TASK BRIEF
Only a number is wanted: how many lines of the entries include the string "inter"?

* * *

(* Removing one point, as an integer identity (no truncated subtraction). *)
lemma card_Diff_singleton_int:
  "finite S \<Longrightarrow> int (card (S - {x})) = int (card S) - of_bool (x \<in> S)"
proof (cases "x \<in> S")
  case True
  assume "finite S"
  with True have "card S > 0" by (auto simp: card_gt_0_iff)
  with True \<open>finite S\<close> show ?thesis by (simp add: card_Diff_singleton of_nat_diff)
qed simp

(* Inclusion-exclusion count of distinct triples: choose x, then a distinct pair avoiding x. *)
lemma card_distinct_triples:
  assumes "finite A1" "finite A2" "finite A3"
  shows "int (card (distinct_triples A1 A2 A3)) =
     int (card A1) * int (card A2) * int (card A3) - int (card (A1 \<inter> A2)) * int (card A3)
     - int (card (A1 \<inter> A3)) * int (card A2) - int (card (A2 \<inter> A3)) * int (card A1)
     + 2 * int (card (A1 \<inter> A2 \<inter> A3))"
proof -
  define P where "P x = {(y, z). y \<in> A2 - {x} \<and> z \<in> A3 - {x} \<and> y \<noteq> z}" for x
  have triples: "distinct_triples A1 A2 A3 = Sigma A1 P"
    by (auto simp: P_def distinct_triples_def)
  have fin_P: "finite (P x)" for x
    by (rule finite_subset[of _ "A2 \<times> A3"]) (use assms in \<open>auto simp: P_def\<close>)
  have card_P: "int (card (P x)) = int (card A2) * int (card A3) - int (card A3) * of_bool (x \<in> A2)
        - int (card A2) * of_bool (x \<in> A3) - int (card (A2 \<inter> A3)) + 2 * of_bool (x \<in> A2 \<inter> A3)"
    for x
  proof -
    have "(A2 - {x}) \<inter> (A3 - {x}) = (A2 \<inter> A3) - {x}" by auto
    then show ?thesis
      using card_distinct_pairs[of "A2 - {x}" "A3 - {x}"] assms
      by (simp add: P_def card_Diff_singleton_int algebra_simps)
  qed
  have "int (card (Sigma A1 P)) = (\<Sum>x\<in>A1. int (card (P x)))"
    using card_SigmaI[of A1 P] assms fin_P by simp
  also have "\<dots> = int (card A1) * int (card A2) * int (card A3)
        - int (card A3) * (\<Sum>x\<in>A1. of_bool (x \<in> A2)) - int (card A2) * (\<Sum>x\<in>A1. of_bool (x \<in> A3))
        - int (card A1) * int (card (A2 \<inter> A3)) + 2 * (\<Sum>x\<in>A1. of_bool (x \<in> A2 \<inter> A3))"
    by (simp add: card_P sum_subtractf sum.distrib sum_distrib_left)
  also have "\<dots> = int (card A1) * int (card A2) * int (card A3) - int (card (A1 \<inter> A2)) * int (card A3)
     - int (card (A1 \<inter> A3)) * int (card A2) - int (card (A2 \<inter> A3)) * int (card A1)
     + 2 * int (card (A1 \<inter> A2 \<inter> A3))"
    using assms by (simp add: sum_of_bool_eq Int_assoc Int_def algebra_simps)
  finally show ?thesis unfolding triples .
qed
lemma vec_min_ge_iff: "c \<le> vec_min x \<longleftrightarrow> (\<forall>i. c \<le> x $ i)"
  unfolding vec_min_def by (subst Min_ge_iff) auto

lemma vec_max_attained: obtains i where "x $ i = vec_max x"
proof -
  have "vec_max x \<in> range (\<lambda>i. x $ i)" unfolding vec_max_def by (rule Max_in) auto
  with that show ?thesis by auto
qed

lemma vec_min_attained: obtains i where "x $ i = vec_min x"
proof -
  have "vec_min x \<in> range (\<lambda>i. x $ i)" unfolding vec_min_def by (rule Min_in) auto
  with that show ?thesis by auto
qed

lemma vec_min_le_max: "vec_min x \<le> vec_max x"
  using vec_min_le[of x undefined] vec_max_ge[of x undefined] by linarith

lemma vec_spread_nonneg: "0 \<le> vec_spread x"
  using vec_min_le_max[of x] by (simp add: vec_spread_def)

lemma infdist_consensus_le_vec_spread:
  "infdist x consensus_set \<le> real CARD('n) * vec_spread (x::real^'n)"
proof -
  have "(\<chi> l. vec_min x) \<in> consensus_set" by (simp add: consensus_set_def)
  then have "infdist x consensus_set \<le> norm (x - (\<chi> l. vec_min x))"
    using infdist_le by (metis dist_norm)
  also have "\<dots> \<le> (\<Sum>i\<in>UNIV. \<bar>(x - (\<chi> l. vec_min x)) $ i\<bar>)" by (rule norm_le_l1_cart)
  also have "\<dots> \<le> (\<Sum>i\<in>(UNIV::'n set). vec_spread x)"
    by (intro sum_mono) (use vec_min_le[of x] vec_max_ge[of x] in \<open>auto simp: vec_spread_def\<close>)
  finally show ?thesis by simp
qed

lemma vec_spread_le_infdist_consensus: "vec_spread (x::real^'n) \<le> 2 * infdist x consensus_set"
proof -
  obtain i j where i: "x $ i = vec_max x" and j: "x $ j = vec_min x"
    by (metis vec_max_attained vec_min_attained)
  have "(\<chi> l. 0) \<in> (consensus_set :: (real^'n) set)" by (simp add: consensus_set_def)
  then have ne: "consensus_set \<noteq> ({} :: (real^'n) set)" by blast
  have "vec_spread x / 2 \<le> dist x a" if "a \<in> consensus_set" for a
  proof -
    have "vec_spread x = (x - a) $ i - (x - a) $ j"
      using i j that by (simp add: vec_spread_def consensus_set_def)
    also have "\<dots> \<le> norm (x - a) + norm (x - a)"
      using component_le_norm_cart[of "x - a"] by (smt (verit))
    finally show ?thesis by (simp add: dist_norm)
  qed
  then have "vec_spread x / 2 \<le> (INF a\<in>consensus_set. dist x a)"
    by (intro cINF_greatest[OF ne])
  then show ?thesis using ne by (simp add: infdist_def)
qed

lemma components_tendsto_common_limit:
  fixes z :: "real \<Rightarrow> real^'n"
  assumes max_antimono: "\<And>s t. t0 \<le> s \<Longrightarrow> s \<le> t \<Longrightarrow> vec_max (z t) \<le> vec_max (z s)"
    and min_mono: "\<And>s t. t0 \<le> s \<Longrightarrow> s \<le> t \<Longrightarrow> vec_min (z s) \<le> vec_min (z t)"
    and spread: "((\<lambda>t. vec_spread (z t)) \<longlongrightarrow> 0) at_top"
  shows "\<exists>c. \<forall>i. ((\<lambda>t. z t $ i) \<longlongrightarrow> c) at_top"
proof -
  define L where "L = (INF s\<in>{t0..}. vec_max (z s))"
  have max_ge_min: "vec_min (z t) \<le> vec_max (z s)" if "t0 \<le> s" "t0 \<le> t" for s t
  proof (cases "s \<le> t")
    case True
    then show ?thesis using max_antimono[OF that(1), of t] vec_min_le_max[of "z t"] by linarith
  next
    case False
    then show ?thesis using min_mono[OF that(2), of s] vec_min_le_max[of "z s"] by linarith
  qed
  have L: "vec_min (z t) \<le> L \<and> L \<le> vec_max (z t)" if "t0 \<le> t" for t
  proof
    show "vec_min (z t) \<le> L"
      unfolding L_def by (rule cINF_greatest) (use max_ge_min that in auto)
    show "L \<le> vec_max (z t)"
      unfolding L_def by (rule cINF_lower) (use max_ge_min that in \<open>auto intro!: bdd_belowI2\<close>)
  qed
  have "((\<lambda>t. z t $ i - L) \<longlongrightarrow> 0) at_top" for i
  proof (rule Lim_null_comparison[OF _ spread])
    have "\<bar>z t $ i - L\<bar> \<le> vec_spread (z t)" if "t0 \<le> t" for t
      using L[OF that] vec_min_le[of "z t" i] vec_max_ge[of "z t" i]
      unfolding vec_spread_def by linarith
    then show "\<forall>\<^sub>F t in at_top. norm (z t $ i - L) \<le> vec_spread (z t)"
      unfolding eventually_at_top_linorder by auto
  qed
  then show ?thesis by (auto simp: LIM_zero_iff)
qed

section \<open>Monotonicity of Metzler consensus systems\<close>

locale metzler_consensus_system =
  fixes A :: "real \<Rightarrow> real^'n^'n" and \<alpha> :: real
  assumes piecewise_continuous_A: "piecewise_continuous A"
    and metzler_A: "\<And>t. metzler (A t)"
    and zero_row_sums_A: "\<And>t. zero_row_sums (A t)"
    and entry_bound: "\<And>t i j. \<bar>A t $ i $ j\<bar> \<le> \<alpha>"
    and bound_pos: "0 < \<alpha>"
begin

text \<open>The right-hand side of the rescaled system; its matrix \<open>A t + \<alpha> I\<close> is nonnegative.\<close>

abbreviation shifted :: "real \<Rightarrow> real^'n \<Rightarrow> real^'n" where
  "shifted t x \<equiv> A t *v x + \<alpha> *\<^sub>R x"

lemma A_mult_const: "A t *v (\<chi> l. c) = 0"
  using zero_row_sums_A[of t]
  by (simp add: zero_row_sums_def matrix_vector_mult_def vec_eq_iff sum_distrib_right[symmetric])

lemma shifted_nonneg:
  assumes "\<And>l. 0 \<le> x $ l"
  shows "0 \<le> shifted t x $ i"
proof -
  have "shifted t x $ i = (\<Sum>l\<in>UNIV - {i}. A t $ i $ l * x $ l) + (A t $ i $ i + \<alpha>) * x $ i"
    by (simp add: matrix_vector_mult_def sum.remove[of UNIV i] algebra_simps)
  moreover have "0 \<le> (\<Sum>l\<in>UNIV - {i}. A t $ i $ l * x $ l)"
    using metzler_A[of t] assms by (intro sum_nonneg mult_nonneg_nonneg) (auto simp: metzler_def)
  moreover have "0 \<le> (A t $ i $ i + \<alpha>) * x $ i"
    using entry_bound[of t i i] assms[of i] by (simp add: abs_le_iff)
  ultimately show ?thesis by simp
qed

lemma shifted_mono:
  assumes "\<And>l. x $ l \<le> y $ l"
  shows "shifted t x $ i \<le> shifted t y $ i"
proof -
  have "shifted t y - shifted t x = shifted t (y - x)"
    by (simp add: matrix_vector_mult_diff_distrib algebra_simps)
  then have "shifted t y $ i - shifted t x $ i = shifted t (y - x) $ i"
    by (metis vector_minus_component)
  with shifted_nonneg[of "y - x" t i] assms show ?thesis by simp
qed

lemma shifted_axis:
  assumes "i \<noteq> j"
  shows "shifted t (c *\<^sub>R axis j 1) $ i = A t $ i $ j * c"
  using assms by (simp add: matrix_vector_mult_def axis_def if_distrib if_distribR cong: if_cong)

lemma shifted_lower_bound_halves:
  assumes w: "antiderivative_from (\<lambda>x. shifted x (w x)) s w"
    and w0: "\<And>i. 0 \<le> w s $ i" and short: "\<alpha> * (b - s) \<le> 1 / 2" and "0 \<le> \<rho>"
    and lower: "\<And>x j. x \<in> {s..b} \<Longrightarrow> - \<rho> \<le> w x $ j"
    and x: "x \<in> {s..b}"
  shows "- (\<rho> / 2) \<le> w x $ j"
proof -
  have int: "((\<lambda>u. shifted u (w u) $ j) has_integral (w x $ j - w s $ j)) {s..x}"
    using antiderivative_from_component[OF w] x by auto
  have low: "\<alpha> * - \<rho> \<le> shifted u (w u) $ j" if "u \<in> {s..x}" for u
  proof -
    have "shifted u (\<chi> l. - \<rho>) $ j \<le> shifted u (w u) $ j"
      by (rule shifted_mono) (use lower that x in auto)
    then show ?thesis by (simp add: A_mult_const)
  qed
  have "- ((x - s) * \<alpha> * \<rho>) \<le> w x $ j - w s $ j"
    using has_integral_le[OF has_integral_const_real int low] x by simp
  moreover have "(x - s) * \<alpha> \<le> (b - s) * \<alpha>"
    using x bound_pos by (intro mult_right_mono) auto
  then have "(x - s) * \<alpha> \<le> 1 / 2" using short by (simp add: mult.commute)
  then have "(x - s) * \<alpha> * \<rho> \<le> 1 / 2 * \<rho>" using \<open>0 \<le> \<rho>\<close> by (rule mult_right_mono)
  ultimately show ?thesis using w0[of j] by linarith
qed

* * *

FINISHED EXERCISE
9